Fans of standardized testing are thin on the ground in Texas. That was a lesson learned by Attorney General Greg Abbott when his Democratic gubernatorial opponent, Sen. Wendy Davis, accused Abbott of supporting "baby STAAR" tests for 4-year-olds. It's all part of Davis' continuing attack on Abbott's March 31 policy platform, "Educating Texans Plan: Pre-K–Third Grade." After calling the attorney general out for citing white nationalist Charles Murray in a footnote (see "The Education of Greg Abbott," April 11), Davis has shifted to another section of the 22-page document. In it, Abbott's campaign proposes three ways to assess a pre-K student's development. A portfolio of the child's work, daily observation by teachers, and "norm referenced standardized tests."

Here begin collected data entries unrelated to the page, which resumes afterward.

(* Let $L$ be a regular zero-one language and $\mathcal{A}_L=\langle Q,A,\cdot,q_0,F\rangle$ its minimal automaton. Then for every subset $P\subseteq Q$, the language $\mathrm{Past}(P)=\{w\in A^*: q_0\cdot w\in P\}$ is also a zero-one language.
   Context: $\mu(L)=\lim_{n\to\infty}|L\cap A^n|/|A|^n$ when it exists; a zero-one language is a regular language $L$ with $\mu(L)$ existing and in $\{0,1\}$. Automata are complete, deterministic, finite, accessible. *)

theory Defs
  imports Complex_Main
begin

text \<open>Words over a finite alphabet A are lists with letters in A (A^* = lists A).\<close>

definition act :: "('s \<Rightarrow> 'a \<Rightarrow> 's) \<Rightarrow> 's \<Rightarrow> 'a list \<Rightarrow> 's" where
  "act delta q w = foldl delta q w"

definition regular :: "'a set \<Rightarrow> 'a list set \<Rightarrow> bool" where
  "regular A L \<longleftrightarrow> L \<subseteq> lists A \<and>
     (\<exists>(Q::nat set) delta q0 F. finite Q \<and> q0 \<in> Q \<and>
        (\<forall>q\<in>Q. \<forall>a\<in>A. delta q a \<in> Q) \<and> F \<subseteq> Q \<and>
        L = {w \<in> lists A. act delta q0 w \<in> F})"

definition words_len :: "'a set \<Rightarrow> nat \<Rightarrow> 'a list set" where
  "words_len A n = {w \<in> lists A. length w = n}"

definition density_ratio :: "'a set \<Rightarrow> 'a list set \<Rightarrow> nat \<Rightarrow> real" where
  "density_ratio A L n = real (card (L \<inter> words_len A n)) / real (card A) ^ n"

definition zero_one_lang :: "'a set \<Rightarrow> 'a list set \<Rightarrow> bool" where
  "zero_one_lang A L \<longleftrightarrow> regular A L \<and>
     (density_ratio A L \<longlonglongrightarrow> 0 \<or> density_ratio A L \<longlonglongrightarrow> 1)"

text \<open>The minimal automaton of L (Myhill--Nerode / quotient automaton):
  states are the left quotients u^{-1}L for u in A^*, initial state L = [ ]^{-1}L,
  transition q.a = a^{-1}q, final states are the quotients containing the empty word.\<close>
definition lquot :: "'a set \<Rightarrow> 'a list \<Rightarrow> 'a list set \<Rightarrow> 'a list set" where
  "lquot A u L = {v \<in> lists A. u @ v \<in> L}"

definition min_states :: "'a set \<Rightarrow> 'a list set \<Rightarrow> 'a list set set" where
  "min_states A L = {lquot A u L | u. u \<in> lists A}"

definition min_delta :: "'a set \<Rightarrow> 'a list set \<Rightarrow> 'a \<Rightarrow> 'a list set" where
  "min_delta A q a = lquot A [a] q"

definition min_init :: "'a set \<Rightarrow> 'a list set \<Rightarrow> 'a list set" where
  "min_init A L = lquot A [] L"

definition min_final :: "'a set \<Rightarrow> 'a list set \<Rightarrow> 'a list set set" where
  "min_final A L = {q \<in> min_states A L. [] \<in> q}"

definition Past :: "'a set \<Rightarrow> 'a list set \<Rightarrow> 'a list set set \<Rightarrow> 'a list set" where
  "Past A L P = {w \<in> lists A. act (min_delta A) (min_init A L) w \<in> P}"

end

theory Submission
  imports Defs
begin

(* If mu(L) = 0, then from every state of the minimal automaton the empty quotient is
   reachable: otherwise, the state set being finite, every word could be completed into L by
   at most M letters, and the densities of L over any M + 1 consecutive lengths would sum to at
   least |A|^-M.  Dually, if mu(L) = 1 the quotient A^* is reachable from every state.  Either
   quotient is a sink s.  The worst-case proportion, over all states, of words of length n that
   avoid s is submultiplicative in n and drops below 1 once n exceeds the distance to s, so it
   tends to 0.  Hence almost every word leads to s, and Past(P) has density 1 if s is in P and
   density 0 otherwise. *)

lemma act_Nil [simp]: "act d q [] = q"
  by (simp add: act_def)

Few terms unify education policy advocates on the left and right quite as quickly as "standardized tests." So after an April 14 Senate Education Committee hearing on STAAR tests and the implementation of new graduation standards under House Bill 5, Davis held a news conference to savage Abbott's position, saying, "Four-year-olds should be coloring with crayons, not filling in bubbles with No. 2 pencils."
The situation got more complex for Abbott when he invited supporters to an online town hall with former banker Jim Windham, now chair of the pro-high-stakes-testing Texas Institute for Education Reform, and a policy expert for right-wing think tank Texas Public Policy Foundation. When asked about the "Baby STAAR," Windham said, "'Testing' 4-year-olds will not be the same as the assessments we administer to older children. But we do need diagnostics to determine the needs of the child and efficacy of the methodologies being used." At that point, Abbott's policy staffer M.C. Lambeth jumped in to clarify that the testing would be "for informational purposes only and is not standardized testing for 4-year-olds."
Abbott's supporters were trying to repaint these assessments as merely diagnostic implements. But this is Texas, where harmless tests intended as barometers of student achievement have become blunt tools for shutting down schools. There is still plenty of public ire about public education, and that could have serious ballot box impact. In 2012, the nonpartisan, pro-public ed Texas Parent PAC was arguably the most successful endorsing group in both primaries and the general election, and Davis' strategy seems to be to channel that same frustration with the education status quo in 2014. It's a natural fit for Davis, as her first high-profile speech was her 2011 filibuster of cuts to school finance. She started painting Abbott as the anti-education candidate when she challenged him on his defense of those same cuts in court, and followed that with an assault on his dismissive stance on the need for universal pre-K. She said Abbott's limited pilot project rejects established best practices and instead offers "a proposal that would pick and choose which children get a quality education."